Pakistan's Penal Code has 511 sections. Most people — including lawyers — can't recall the exact section number, title, and punishment for a given offence off the top of their head. We built a model that can. Here's exactly how we did it.
Why fine-tune instead of RAG or prompting?
The first instinct for this kind of task is usually Retrieval-Augmented Generation — embed the legal text, retrieve relevant chunks, and pass them to a general model. We considered it. The problem: legal queries are often ambiguous. “What's the punishment for theft?” could map to sections 378–382 depending on context. A retrieval system returns chunks; we needed structured, decisive answers.
We also tested few-shot prompting with GPT-4. It got the section topic right reliably, but section numbers and punishments were frequently hallucinated or misquoted. Fine-tuning the model on every section directly eliminates the hallucination problem at the source.
Building the dataset
We sourced the full Pakistan Penal Code text and structured it into instruction-response pairs. Each training example looks like this:
Instruction: “What is Section 302 of the Pakistan Penal Code?”
Response:“Section 302 — Punishment of Qatl-i-amd. Whoever commits qatl-i-amd shall be punished with death as qisas, or imprisonment for life where qisas is not applicable.”
We generated variations for each section — questions phrased by topic, by section number, and by punishment type — giving us approximately 2,000 training pairs from 511 source sections. Data cleaning focused on removing formatting inconsistencies in the original legal text (inconsistent numbering, mixed Urdu/English terms).

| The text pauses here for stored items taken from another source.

lemma integral_le_nn_integral:
  assumes "integrable Q g"
  shows "ennreal (integral\<^sup>L Q g) \<le> (\<integral>\<^sup>+x. ennreal (g x) \<partial>Q)"
proof -
  have g_pos: "integrable Q (\<lambda>x. max 0 (g x))" using assms by auto
  have "ennreal (integral\<^sup>L Q g) \<le> ennreal (integral\<^sup>L Q (\<lambda>x. max 0 (g x)))"
    by (intro ennreal_leI integral_mono[OF assms g_pos]) simp
  also have "\<dots> = (\<integral>\<^sup>+x. ennreal (max 0 (g x)) \<partial>Q)"
    by (rule nn_integral_eq_integral[OF g_pos, symmetric]) simp
  finally show ?thesis by (simp add: ennreal_max_0)
qed

text \<open>Jensen's inequality for \<open>exp\<close>, with the possibly infinite right-hand side taken as a
  nonnegative integral; it follows from the tangent line of \<open>exp\<close> at the mean.\<close>
lemma exp_integral_le_nn_integral_exp:
  assumes Q: "prob_space Q" and Y: "integrable Q Y"
  shows "ennreal (exp (integral\<^sup>L Q Y)) \<le> (\<integral>\<^sup>+x. ennreal (exp (Y x)) \<partial>Q)"
proof -
  interpret prob_space Q by fact
  define m where "m = integral\<^sup>L Q Y"
  have "integral\<^sup>L Q (\<lambda>x. exp m * (1 + Y x - m)) = exp m"
    using Y by (simp add: m_def Bochner_Integration.integral_diff Bochner_Integration.integral_add prob_space)
  hence "ennreal (exp m) \<le> (\<integral>\<^sup>+x. ennreal (exp m * (1 + Y x - m)) \<partial>Q)"
    using integral_le_nn_integral[of Q "\<lambda>x. exp m * (1 + Y x - m)"] Y by simp
  also have "\<dots> \<le> (\<integral>\<^sup>+x. ennreal (exp (Y x)) \<partial>Q)"
  proof (intro nn_integral_mono ennreal_leI)
    fix x
    have "exp m * (1 + (Y x - m)) \<le> exp m * exp (Y x - m)"
      using exp_ge_add_one_self[of "Y x - m"] by (intro mult_left_mono) auto
    thus "exp m * (1 + Y x - m) \<le> exp (Y x)" by (simp add: exp_diff algebra_simps)
  qed
  finally show ?thesis by (simp add: m_def)
qed

section \<open>Error exponents\<close>

lemma err_exp_nonneg: "0 \<le> p \<Longrightarrow> p \<le> 1 \<Longrightarrow> 0 \<le> err_exp n p"
  by (simp add: err_exp_def divide_nonpos_nonneg)

lemma liminf_err_exp_nonneg:
  assumes "\<And>n. 0 \<le> m n" "\<And>n. m n \<le> 1"
  shows "0 \<le> liminf (\<lambda>n. err_exp n (m n))"
proof -
  have "liminf (\<lambda>n. 0::ereal) \<le> liminf (\<lambda>n. err_exp n (m n))"
    by (intro Liminf_mono always_eventually allI err_exp_nonneg assms)
  thus ?thesis by (simp add: Liminf_const)
qed

lemma liminf_err_exp_ge:
  fixes m :: "nat \<Rightarrow> real" and c E p :: real
  assumes m_nonneg: "\<And>n. 0 \<le> m n" and p: "0 < p"
    and bound: "eventually (\<lambda>n. m n \<le> exp (c - n * E) * p ^ n) sequentially"
  shows "ereal (E - ln p) \<le> liminf (\<lambda>n. err_exp n (m n))"
proof -
  define g where "g n = ereal (E - ln p - c / real n)" for n
  have "(\<lambda>n. E - ln p - c / real n) \<longlonglongrightarrow> E - ln p - 0"
    by (intro tendsto_intros tendsto_divide_0[OF tendsto_const] filterlim_real_sequentially)
  hence lim: "liminf g = ereal (E - ln p)"
    unfolding g_def by (intro lim_imp_Liminf) (simp_all add: tendsto_ereal)
  have "eventually (\<lambda>n. g n \<le> err_exp n (m n)) sequentially"
    using bound eventually_ge_at_top[of 1]
  proof eventually_elim
    case (elim n)
    show ?case
    proof (cases "m n = 0")
      case False
      hence "0 < m n" using m_nonneg[of n] by simp
      hence "ln (m n) \<le> ln (exp (c - n * E) * p ^ n)"
        using elim(1) p by (subst ln_le_cancel_iff) auto
      also have "\<dots> = c - n * E + n * ln p" using p by (simp add: ln_mult ln_realpow)
      finally have "- (1 / real n) * (c - n * E + n * ln p) \<le> - (1 / real n) * ln (m n)"
        using elim(2) by (intro mult_left_mono_neg) auto
      also have "- (1 / real n) * (c - n * E + n * ln p) = E - ln p - c / real n"
        using elim(2) by (simp add: field_simps)
      finally show ?thesis using False by (simp add: err_exp_def g_def)
    qed (simp add: err_exp_def)
  qed
  then have "liminf g \<le> liminf (\<lambda>n. err_exp n (m n))" by (rule Liminf_mono)
  then show ?thesis using lim by simp
qed

lemma liminf_err_exp_le:
  fixes m :: "nat \<Rightarrow> real" and E p0 a1 a2 :: real
  assumes m_nonneg: "\<And>n. 0 \<le> m n" and p0: "0 < p0"
    and a1: "0 \<le> a1" "a1 < p0" and a2: "0 \<le> a2" "a2 < p0"
    and bound: "eventually (\<lambda>n. p0 ^ n \<le> exp (n * E) * m n + a1 ^ n + a2 ^ n) sequentially"
  shows "liminf (\<lambda>n. err_exp n (m n)) \<le> ereal (E - ln p0)"
proof -
  have small: "eventually (\<lambda>n. a ^ n \<le> 1/4 * p0 ^ n) sequentially" if "0 \<le> a" "a < p0" for a
  proof -
    have "(\<lambda>n. (a / p0) ^ n) \<longlonglongrightarrow> 0" using that p0 by (intro LIMSEQ_power_zero) auto
    hence "eventually (\<lambda>n. (a / p0) ^ n < 1/4) sequentially" by (rule order_tendstoD(2)) simp
    thus ?thesis
    proof eventually_elim
      case (elim n)
      have "a ^ n = (a / p0) ^ n * p0 ^ n" using p0 by (simp add: power_divide)
      also have "\<dots> \<le> 1/4 * p0 ^ n" using elim p0 by (intro mult_right_mono) auto
      finally show ?case .
    qed
  qed
  define g where "g n = ereal (E - ln p0 + ln 2 / real n)" for n
  have "(\<lambda>n. E - ln p0 + ln 2 / real n) \<longlonglongrightarrow> E - ln p0 + 0"
    by (intro tendsto_intros tendsto_divide_0[OF tendsto_const] filterlim_real_sequentially)
  hence lim: "liminf g = ereal (E - ln p0)"
    unfolding g_def by (intro lim_imp_Liminf) (simp_all add: tendsto_ereal)
  have "eventually (\<lambda>n. err_exp n (m n) \<le> g n) sequentially"
    using bound small[OF a1] small[OF a2] eventually_ge_at_top[of 1]
  proof eventually_elim
    case (elim n)
    have pn: "0 < p0 ^ n" using p0 by simp
    have big: "p0 ^ n / 2 \<le> exp (n * E) * m n" using elim(1-3) by simp
    have mpos: "0 < m n"
    proof (rule ccontr)
      assume "\<not> 0 < m n"
      then have "m n = 0" using m_nonneg[of n] by simp
      then show False using big pn by simp
    qed
    have "p0 ^ n / 2 / exp (n * E) \<le> m n" using big by (simp add: pos_divide_le_eq mult.commute)
    hence "ln (p0 ^ n / 2 / exp (n * E)) \<le> ln (m n)"
      using pn mpos by (subst ln_le_cancel_iff) auto
    also have "ln (p0 ^ n / 2 / exp (n * E)) = n * ln p0 - ln 2 - n * E"
      using p0 by (simp add: ln_div ln_realpow ln_mult)
    finally have "- (1 / real n) * ln (m n) \<le> - (1 / real n) * (n * ln p0 - ln 2 - n * E)"
      using elim(4) by (intro mult_left_mono_neg) auto
    also have "\<dots> = E - ln p0 + ln 2 / real n" using elim(4) by (simp add: field_simps)
    finally show ?case using mpos by (simp add: err_exp_def g_def)
  qed
  then have "liminf (\<lambda>n. err_exp n (m n)) \<le> liminf g" by (rule Liminf_mono)
  then show ?thesis using lim by simp
qed

lemma eventually_one_le_real_mult:
  assumes "0 < \<eta>"
  shows "eventually (\<lambda>n. 1 \<le> real n * \<eta>) sequentially"
  using eventually_ge_at_top[of "nat \<lceil>1 / \<eta>\<rceil>"]
proof eventually_elim
  case (elim n)
  have "1 / \<eta> \<le> real (nat \<lceil>1 / \<eta>\<rceil>)" by (rule real_nat_ceiling_ge)
  also have "\<dots> \<le> real n" using elim by simp
  finally show ?case using assms by (simp add: pos_divide_le_eq)
qed

text \<open>One-sided derivative of a moment generating function at \<open>0\<close>: it is the mean, so the
  function lies below any line of larger slope near \<open>0\<close>.\<close>
lemma exp_moment_lt_near_zero:
  fixes Q :: "'b measure" and Y :: "'b \<Rightarrow> real"
  assumes Q: "prob_space Q" and Y [measurable]: "Y \<in> borel_measurable Q"
    and dominating: "integrable Q (\<lambda>x. \<bar>Y x\<bar> * (1 + exp (Y x)))"
    and mean: "integral\<^sup>L Q Y < c"
  shows "\<exists>\<nu>>0. \<nu> \<le> 1 \<and> (\<integral>x. exp (\<nu> * Y x) \<partial>Q) < 1 + c * \<nu>"
proof -
  interpret prob_space Q by fact
  define \<nu> where "\<nu> k = inverse (real (Suc k))" for k
  have \<nu>: "0 < \<nu> k" "\<nu> k \<le> 1" for k by (auto simp: \<nu>_def field_simps)
  define s where "s k x = (exp (\<nu> k * Y x) - 1) / \<nu> k" for k x
  have [measurable]: "s k \<in> borel_measurable Q" for k unfolding s_def by measurable
  have bound: "norm (s k x) \<le> \<bar>Y x\<bar> * (1 + exp (Y x))" for k x
  proof -
    have "\<bar>exp (\<nu> k * Y x) - 1\<bar> \<le> \<nu> k * \<bar>Y x\<bar> * (1 + exp (Y x))"
      by (rule abs_exp_mult_minus_one_le) (use \<nu>[of k] in auto)
    thus ?thesis using \<nu>(1)[of k] by (simp add: s_def abs_divide pos_divide_le_eq mult_ac)
  qed
  have lim: "(\<lambda>k. s k x) \<longlonglongrightarrow> Y x" for x
  proof -
    let ?A = "(Y x)\<^sup>2 * (1 + exp \<bar>Y x\<bar>)"
    have bnd: "norm (s k x - Y x) \<le> \<nu> k * ?A" for k
      using exp_difference_quotient_le[OF \<nu>(1)[of k] \<nu>(2)[of k], of "Y x"] by (simp add: s_def)
    have to_0: "(\<lambda>k. \<nu> k * ?A) \<longlonglongrightarrow> 0"
      unfolding \<nu>_def using tendsto_mult[OF LIMSEQ_inverse_real_of_nat tendsto_const, of ?A] by simp
    have "(\<lambda>k. s k x - Y x) \<longlonglongrightarrow> 0"
      by (rule Lim_null_comparison[OF always_eventually[OF allI[OF bnd]] to_0])
    thus ?thesis by (rule LIM_zero_cancel)
  qed
  have "(\<lambda>k. integral\<^sup>L Q (s k)) \<longlonglongrightarrow> integral\<^sup>L Q Y"
    by (rule integral_dominated_convergence[OF Y _ dominating]) (use lim bound in auto)
  from order_tendstoD(2)[OF this mean] obtain k where k: "integral\<^sup>L Q (s k) < c"
    by (auto simp: eventually_sequentially)
  have "integrable Q (s k)"
    by (rule integrable_dominated_convergence2[OF Y _ dominating]) (use lim bound in auto)
  have "(\<integral>x. exp (\<nu> k * Y x) \<partial>Q) = (\<integral>x. 1 + \<nu> k * s k x \<partial>Q)"
    using \<nu>(1)[of k] by (intro Bochner_Integration.integral_cong) (auto simp: s_def)
  also have "\<dots> = 1 + \<nu> k * integral\<^sup>L Q (s k)"
    using \<open>integrable Q (s k)\<close> prob_space by simp
  also have "\<dots> < 1 + c * \<nu> k" using k \<nu>(1)[of k] by (simp add: mult.commute)
  finally show ?thesis using \<nu>[of k] by blast
qed

section \<open>The log-likelihood ratio and its moment generating function\<close>

lemma llr_measurable [measurable]: "llr M N \<in> borel_measurable N"
  unfolding llr_def by measurable

lemma RN_deriv_eq_exp_neg_llr:
  assumes P1: "prob_space M1" and P2: "prob_space M2" and sets: "sets M1 = sets M2"
    and ac12: "absolutely_continuous M1 M2" and ac21: "absolutely_continuous M2 M1"
  shows "AE x in M1. RN_deriv M1 M2 x = ennreal (exp (- llr M1 M2 x))"
proof -
  interpret P1: prob_space M1 by fact
  interpret P2: prob_space M2 by fact
  let ?f = "RN_deriv M2 M1"
  have fm [measurable]: "?f \<in> borel_measurable M2" by simp
  have dens: "density M2 ?f = M1" using P2.density_RN_deriv[OF ac21] sets by simp
  have fin: "AE x in M2. ?f x \<noteq> \<infinity>"
    using P2.RN_deriv_finite[OF prob_space_imp_sigma_finite[OF P1] ac21] sets by simp
  have z: "{x \<in> space M2. ?f x = 0} \<in> sets M2" by measurable
  have "emeasure M1 {x \<in> space M2. ?f x = 0} = (\<integral>\<^sup>+x. ?f x * indicator {x \<in> space M2. ?f x = 0} x \<partial>M2)"
    by (subst dens[symmetric]) (rule emeasure_density[OF fm z])
  also have "\<dots> = 0" by (rule nn_integral_0_iff_AE[THEN iffD2]) (auto simp: indicator_def)
  finally have "emeasure M2 {x \<in> space M2. ?f x = 0} = 0"
    using absolutely_continuousD[OF ac12] z sets by simp
  hence "AE x in M2. ?f x \<noteq> 0"
    using z by (subst AE_iff_measurable[OF z]) auto
  hence pos: "AE x in M2. 0 < enn2real (?f x)"
    using fin by eventually_elim (auto simp: enn2real_positive_iff less_top[symmetric] zero_less_iff_neq_zero)
  define h where "h x = ennreal (exp (- llr M1 M2 x))" for x
  have hm [measurable]: "h \<in> borel_measurable M2" unfolding h_def llr_def by measurable
  have hm1: "h \<in> borel_measurable M1" by (subst measurable_cong_sets[OF sets refl]) (rule hm)
  text \<open>\<open>h\<close> inverts the density \<open>dM1/dM2\<close>, so it is a density of \<open>M2\<close> w.r.t. \<open>M1\<close>.\<close>
  have "density M1 h = density (density M2 ?f) h" using dens by simp
  also have "\<dots> = density M2 (\<lambda>x. ?f x * h x)"
    using hm by (intro density_density_eq) simp_all
  also have "\<dots> = density M2 (\<lambda>_. 1)"
  proof (rule density_cong)
    show "AE x in M2. ?f x * h x = 1"
      using pos fin
    proof eventually_elim
      case (elim x)
      have e: "?f x = ennreal (enn2real (?f x))" using elim(2) by (simp add: less_top)
      have "exp (- llr M1 M2 x) = 1 / enn2real (?f x)"
        using elim(1) by (simp add: llr_def exp_minus inverse_eq_divide)
      thus ?case using elim(1) by (subst e) (simp add: h_def ennreal_mult[symmetric])
    qed
  qed simp_all
  also have "\<dots> = M2" by (rule density_1)
  finally have "density M1 h = M2" .
  from P1.RN_deriv_unique[OF hm1 this] show ?thesis by (simp add: h_def eq_commute)
qed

Training with Unsloth + LoRA
We used Unslothfor training, which patches the Llama attention layers for 2× faster throughput and significantly lower VRAM usage — critical when you're not training on an A100.
Key config decisions:
- Base model: meta-llama/Llama-3.2-8B-Instruct — instruction-tuned base gives better chat format adherence out of the box
- LoRA rank: r=16, alpha=32 — sufficient for domain adaptation without overfitting on 2k examples
- Target modules: q_proj, v_proj, k_proj, o_proj
- Quantization: 4-bit QLoRA via bitsandbytes — trained on a single 16GB GPU
- Epochs: 3 — loss converged cleanly, no signs of overfitting on held-out sections
Total training time: approximately 45 minutes on an RTX 4080. The adapter weights came out at under 200MB.
Evaluation
We held out 50 sections during training and tested the fine-tuned model against them. Evaluation criteria:
- Section number accuracy — exact match on the section cited
- Punishment accuracy — does the described punishment match the source text?
- Format compliance — does the response follow the Section / Title / Punishment structure?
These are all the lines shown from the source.